The pathological elements of the Romantic experience all color Tieck's short story. The characters experience a range of physical and psychological problems, including, amnesia, abuse, abandonment, incest, immorality and illness. From the outset, the idea of longing Sehnsucht, or a deep emotional bond through a strong interpersonal relationship, drives the story forward. Eckbert feels the guilt of hiding a secret from his friend Walther.
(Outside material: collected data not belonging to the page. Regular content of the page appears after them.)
(* Let $(X,T)$ be a topological dynamical system and $\mu$ a $T$-invariant Borel probability measure on $X$. Then $\mu$ has bounded complexity with respect to $\{\bar d_n\}$ if and only if $\mu$ has bounded complexity with respect to $\{\hat d_n\}$.
   Context: A t.d.s. $(X,T)$ consists of a compact metric space $(X,d)$ and a continuous map $T\colon X\to X$. Let $\bar d_n(x,y)=\frac1n\sum_{i=0}^{n-1}d(T^ix,T^iy)$ and $\hat d_n(x,y)=\max\{\bar d_k(x,y)\colon1\le k\le n\}$. For $\rho_n\in\{\bar d_n,\hat d_n\}$ let $B_{\rho_n}(x,\varepsilon)=\{y\colon\rho_n(x,y)<\varepsilon\}$ and $\mathrm{span}^{\rho}_\mu(n,\varepsilon)=\min\{\#(F)\colon F\subset X,\ \mu(\bigcup_{x\in F}B_{\rho_n}(x,\varepsilon))>1-\varepsilon\}$. $\mu$ has bounded complexity with respect to $\{\rho_n\}$ if for every $\varepsilon>0$ there is a positive integer $C$ with $\mathrm{span}^{\rho}_\mu(n,\varepsilon)\le C$ for all $n\ge1$. *)

theory Defs
  imports "HOL-Probability.Probability"
begin

definition dbar :: "('a::metric_space \<Rightarrow> 'a) \<Rightarrow> nat \<Rightarrow> 'a \<Rightarrow> 'a \<Rightarrow> real" where
  "dbar T n x y = (\<Sum>i<n. dist ((T ^^ i) x) ((T ^^ i) y)) / real n"

definition dhat :: "('a::metric_space \<Rightarrow> 'a) \<Rightarrow> nat \<Rightarrow> 'a \<Rightarrow> 'a \<Rightarrow> real" where
  "dhat T n x y = Max ((\<lambda>k. dbar T k x y) ` {1..n})"

definition rball :: "'a set \<Rightarrow> (nat \<Rightarrow> 'a \<Rightarrow> 'a \<Rightarrow> real) \<Rightarrow> nat \<Rightarrow> 'a \<Rightarrow> real \<Rightarrow> 'a set" where
  "rball X \<rho> n x \<epsilon> = {y \<in> X. \<rho> n x y < \<epsilon>}"

definition span_mu :: "'a set \<Rightarrow> 'a measure \<Rightarrow> (nat \<Rightarrow> 'a \<Rightarrow> 'a \<Rightarrow> real) \<Rightarrow> nat \<Rightarrow> real \<Rightarrow> nat" where
  "span_mu X \<mu> \<rho> n \<epsilon> =
     Inf {card F | F. finite F \<and> F \<subseteq> X \<and> measure \<mu> (\<Union>x\<in>F. rball X \<rho> n x \<epsilon>) > 1 - \<epsilon>}"

definition bounded_complexity :: "'a set \<Rightarrow> 'a measure \<Rightarrow> (nat \<Rightarrow> 'a \<Rightarrow> 'a \<Rightarrow> real) \<Rightarrow> bool" where
  "bounded_complexity X \<mu> \<rho> \<longleftrightarrow>
     (\<forall>\<epsilon>>0. \<exists>C::nat. C > 0 \<and> (\<forall>n\<ge>1. span_mu X \<mu> \<rho> n \<epsilon> \<le> C))"

end

theory Submission
  imports Defs
begin

text \<open>
  Since \<open>dbar T n \<le> dhat T n\<close>, spanning sets for \<open>dhat\<close> are spanning sets for \<open>dbar\<close>.
  Conversely, let \<open>F\<close> span with respect to \<open>dbar T (2 * n)\<close> at scale \<open>\<epsilon>\<^sup>2/4\<close>. If
  \<open>dbar T (2 * n) z y < \<epsilon>\<^sup>2/4\<close>, the discrete maximal inequality (rising-sun lemma) shows
  that \<open>T\<^sup>i y\<close> lies in the \<open>dhat T n\<close>-ball of radius \<open>\<epsilon>\<close> around \<open>T\<^sup>i z\<close> for more than
  \<open>n (1 - \<epsilon>/2)\<close> of the times \<open>i < n\<close>. Integrating over \<open>\<mu>\<close> and using invariance, some
  time \<open>i < n\<close> is such that \<open>T\<^sup>i ` F\<close> spans with respect to \<open>dhat T n\<close> at scale \<open>\<epsilon>\<close>,
  with no more points than \<open>F\<close>.
\<close>

definition heavy_starts :: "(nat \<Rightarrow> real) \<Rightarrow> real \<Rightarrow> nat \<Rightarrow> nat \<Rightarrow> nat set" where
  "heavy_starts a \<epsilon> m N = {i \<in> {m..<N}. \<exists>k\<ge>1. i + k \<le> N \<and> \<epsilon> * k \<le> (\<Sum>j\<in>{i..<i+k}. a j)}"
He must confess this secret to strengthen their emotional bond, as Tieck suggested "The soul then feels an irresistible impulse to impart itself completely, and reveal its innermost self to the friend, in order to make him so much the more a friend." Eckbert and his wife commit immoral acts and experience retribution for their actions.

Nature's power and the supernatural shape many different elements of the book. Supernatural elements play a role in the main antagonist. The old woman in the woods owns a powerful, gem-laying bird and performs magical acts such as transforming into multiple people. The haunting of Eckbert by this old woman, a revenant from Bertha's past, demonstrates her supernatural qualities. Repetition of the phrase Waldeinsamkeit reinforces the terror of the supernatural within the forest. Eckbert loses his friend in the forest and loses his mind. Here two levels of reality are contrasted, the usual and the supernatural.
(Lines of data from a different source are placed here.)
lemma normed_space_over_real:
  "normed_space_over (scaleR :: real \<Rightarrow> 'a::real_normed_vector \<Rightarrow> 'a) (\<lambda>r. r)"
proof
  fix x :: 'a assume "x \<noteq> 0"
  obtain f where f: "linear f" "\<And>y. \<bar>f y\<bar> \<le> norm y" "f x = norm x"
    using exists_linear_norming by blast
  have "bounded_linear f"
    by (rule bounded_linear_intro[where K=1]) (use f in \<open>auto simp: linear_add linear_scale\<close>)
  moreover have "onorm f = 1" by (rule onorm_eq_1[OF calculation]) (use f \<open>x \<noteq> 0\<close> in auto)
  ultimately show "\<exists>f. is_functional (*\<^sub>R) f \<and> onorm f = 1 \<and> f x = of_real (norm x)"
    using f unfolding is_functional_def by (auto simp: linear_scale)
qed (auto simp: scaleR_add_left)

definition complexification :: "(complex \<Rightarrow> 'a \<Rightarrow> 'a) \<Rightarrow> ('a \<Rightarrow> real) \<Rightarrow> 'a \<Rightarrow> complex" where
  "complexification sc g y = Complex (g y) (- g (sc \<i> y))"

lemma cplx_action_decompose:
  assumes "cplx_action sc"
  shows "sc c y = Re c *\<^sub>R y + Im c *\<^sub>R sc \<i> y"
proof -
  have "c = complex_of_real (Re c) + complex_of_real (Im c) * \<i>" by (simp add: complex_eq_iff)
  then have "sc c y = sc (complex_of_real (Re c) + complex_of_real (Im c) * \<i>) y"
    by (rule arg_cong)
  also have "\<dots> = Re c *\<^sub>R y + Im c *\<^sub>R sc \<i> y"
    using assms unfolding cplx_action_def by simp
  finally show ?thesis .
qed

lemma complexification_sc:
  assumes sc: "cplx_action sc" and g: "linear g"
  shows "complexification sc g (sc c y) = c * complexification sc g y"
proof -
  have "sc \<i> (sc c y) = sc (\<i> * c) y" using sc unfolding cplx_action_def by simp
  also have "\<dots> = Re c *\<^sub>R sc \<i> y - Im c *\<^sub>R y"
    by (simp only: cplx_action_decompose[OF sc, of "\<i> * c" y]) simp
  finally have "g (sc \<i> (sc c y)) = Re c * g (sc \<i> y) - Im c * g y"
    by (simp add: linear_diff[OF g] linear_scale[OF g])
  moreover have "g (sc c y) = Re c * g y + Im c * g (sc \<i> y)"
    by (simp only: cplx_action_decompose[OF sc, of c y]) (simp add: linear_add[OF g] linear_scale[OF g])
  ultimately show ?thesis
    unfolding complexification_def by (simp add: complex_eq_iff algebra_simps)
qed

lemma Re_complexification: "Re (complexification sc g y) = g y"
  unfolding complexification_def by simp

lemma norm_complexification_le:
  assumes sc: "cplx_action sc" and g: "linear g" "\<And>y. \<bar>g y\<bar> \<le> norm y"
  shows "norm (complexification sc g y) \<le> norm y"
proof (cases "complexification sc g y = 0")
  case False
  define z where "z = complexification sc g y"
  \<comment> \<open>rotating \<open>y\<close> by the unimodular \<open>c\<close> makes the value real, where it is governed by \<open>g\<close>\<close>
  define c where "c = cnj z / complex_of_real (cmod z)"
  have "cmod c = 1" using False unfolding c_def z_def by (simp add: norm_divide)
  have "c * z = complex_of_real (cmod z)"
    using False complex_norm_square[of z] unfolding c_def z_def
    by (simp add: field_simps power2_eq_square)
  then have "cmod z = g (sc c y)"
    using complexification_sc[OF sc g(1), of c y] Re_complexification[of sc g] unfolding z_def
    by (metis Re_complex_of_real)
  also have "\<dots> \<le> norm (sc c y)" using g(2) by (rule abs_le_D1)
  also have "\<dots> = norm y" using sc \<open>cmod c = 1\<close> unfolding cplx_action_def by simp
  finally show ?thesis unfolding z_def .
qed simp

lemma normed_space_over_complex:
  fixes sc :: "complex \<Rightarrow> 'a::real_normed_vector \<Rightarrow> 'a"
  assumes sc: "cplx_action sc"
  shows "normed_space_over sc Re"
proof
  fix x :: 'a assume x: "x \<noteq> 0"
  obtain g where g: "linear g" "\<And>y. \<bar>g y\<bar> \<le> norm y" "g x = norm x"
    using exists_linear_norming by blast
  define f where "f = complexification sc g"
  have f_sc: "f (sc c y) = c * f y" for c y
    unfolding f_def by (rule complexification_sc[OF sc g(1)])
  have f_le: "norm (f y) \<le> norm y" for y
    unfolding f_def by (rule norm_complexification_le[OF sc g(1,2)])
  have "bounded_linear f"
  proof (rule bounded_linear_intro[where K=1])
    show "f (a + b) = f a + f b" for a b
      using sc unfolding f_def complexification_def cplx_action_def
      by (simp add: linear_add[OF g(1)] complex_eq_iff)
    show "f (r *\<^sub>R a) = r *\<^sub>R f a" for r a
      using f_sc[of "complex_of_real r" a] sc unfolding cplx_action_def by (simp add: scaleR_conv_of_real)
  qed (simp add: f_le)
  moreover have "f x = complex_of_real (norm x)"
  proof -
    have "Re (f x) = norm x" unfolding f_def Re_complexification by (rule g(3))
    moreover have "(Re (f x))\<^sup>2 + (Im (f x))\<^sup>2 \<le> (norm x)\<^sup>2"
      using f_le[of x] by (simp add: cmod_power2[symmetric] power_mono)
    ultimately show ?thesis by (simp add: complex_eq_iff)
  qed
  moreover have "onorm f = 1" by (rule onorm_eq_1[OF calculation(1) f_le x]) (simp add: calculation(2))
  ultimately show "\<exists>f. is_functional sc f \<and> onorm f = 1 \<and> f x = complex_of_real (norm x)"
    using f_sc unfolding is_functional_def by blast
qed (use sc in \<open>simp_all add: cplx_action_def complex_Re_le_cmod\<close>)

theorem proposition3p2:
  shows "(num_index (scaleR :: real \<Rightarrow> 'a::banach \<Rightarrow> 'a) = 1 \<and> Lpp_nu (scaleR :: real \<Rightarrow> 'a \<Rightarrow> 'a)
            \<longrightarrow> (\<forall>x::'a. norm_SSD_at x))
      \<and> (\<forall>sc :: complex \<Rightarrow> 'b::banach \<Rightarrow> 'b. cplx_action sc \<and> num_index sc = 1 \<and> Lpp_nu sc
            \<longrightarrow> (\<forall>x::'b. norm_SSD_at x))"
  using normed_space_over.norm_SSD_everywhere[OF normed_space_over_real]
    normed_space_over.norm_SSD_everywhere[OF normed_space_over_complex]
  by blast

end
Eckbert, Walther, and Bertha all experience a fall characteristic of romanticism as described by M. H. Abrams The Mirror and the Lamp. These characters experience no redemption but only damnation.

Lastly, the frame story and the cyclical nature of the plot follow romantic conventions. Eckbert's life and the story end at the cabin in the woods with the old woman where Bertha's frame story began.

==Translations==
The tale has been translated into English a number of times:
- "Auburn Egbert" anonymously in Popular Tales and Romances of the Northern Nations (1823)
- "Auburn Egbert" by Thomas Roscoe in The German Novelists (1826)
- "The Fair-Haired Eckbert" by Thomas Carlyle in Tales by Musaeus, Tieck, Richter (1827)
- "The White Egbert" in Julius Hare and James Anthony Froude's Tales from the "Phantasus," etc. of Ludwig Tieck (1845)
- "The Fair-Haired Egbert: A Tale" by Agnes Burette in Christmas Eve; or Tales for Youth (1849)
- "Fair Eckbert" by Paul B. Thomas in The German Classics of the Nineteenth and Twentieth Centuries (1913)

Comparing the first four translations, academic Edwin Zeydel considered Carlyle's to be by far the best, which "stands head and shoulders above his predecessors" and "towers even higher" above Hare and Froude. He considered Roscoe's and the Popular Tales and Romances translations "usually fair", with Roscoe's translation "succinct and to the point, but unable to convey every finesse of meaning", while Popular Tales and Romances "fails to attain literalness, often produces a false effect and is not infrequently inaccurate", "a trifle better" than Hare and Froude's translation, which he considered "poor and inaccurate in both substance and form", and "literally full of errors".

A revised version of Carlyle's translation was included in German Literary Fairy Tales (1983) as "Fair-haired Eckbert", edited by Robert M. Browning and Frank G. Ryder.

==Influence==
Tieck's Eckbert fits well within the genre of German romanticism. The character of Bertha has been identified by literary criticism as being based on Tieck's sister Sophie Tieck.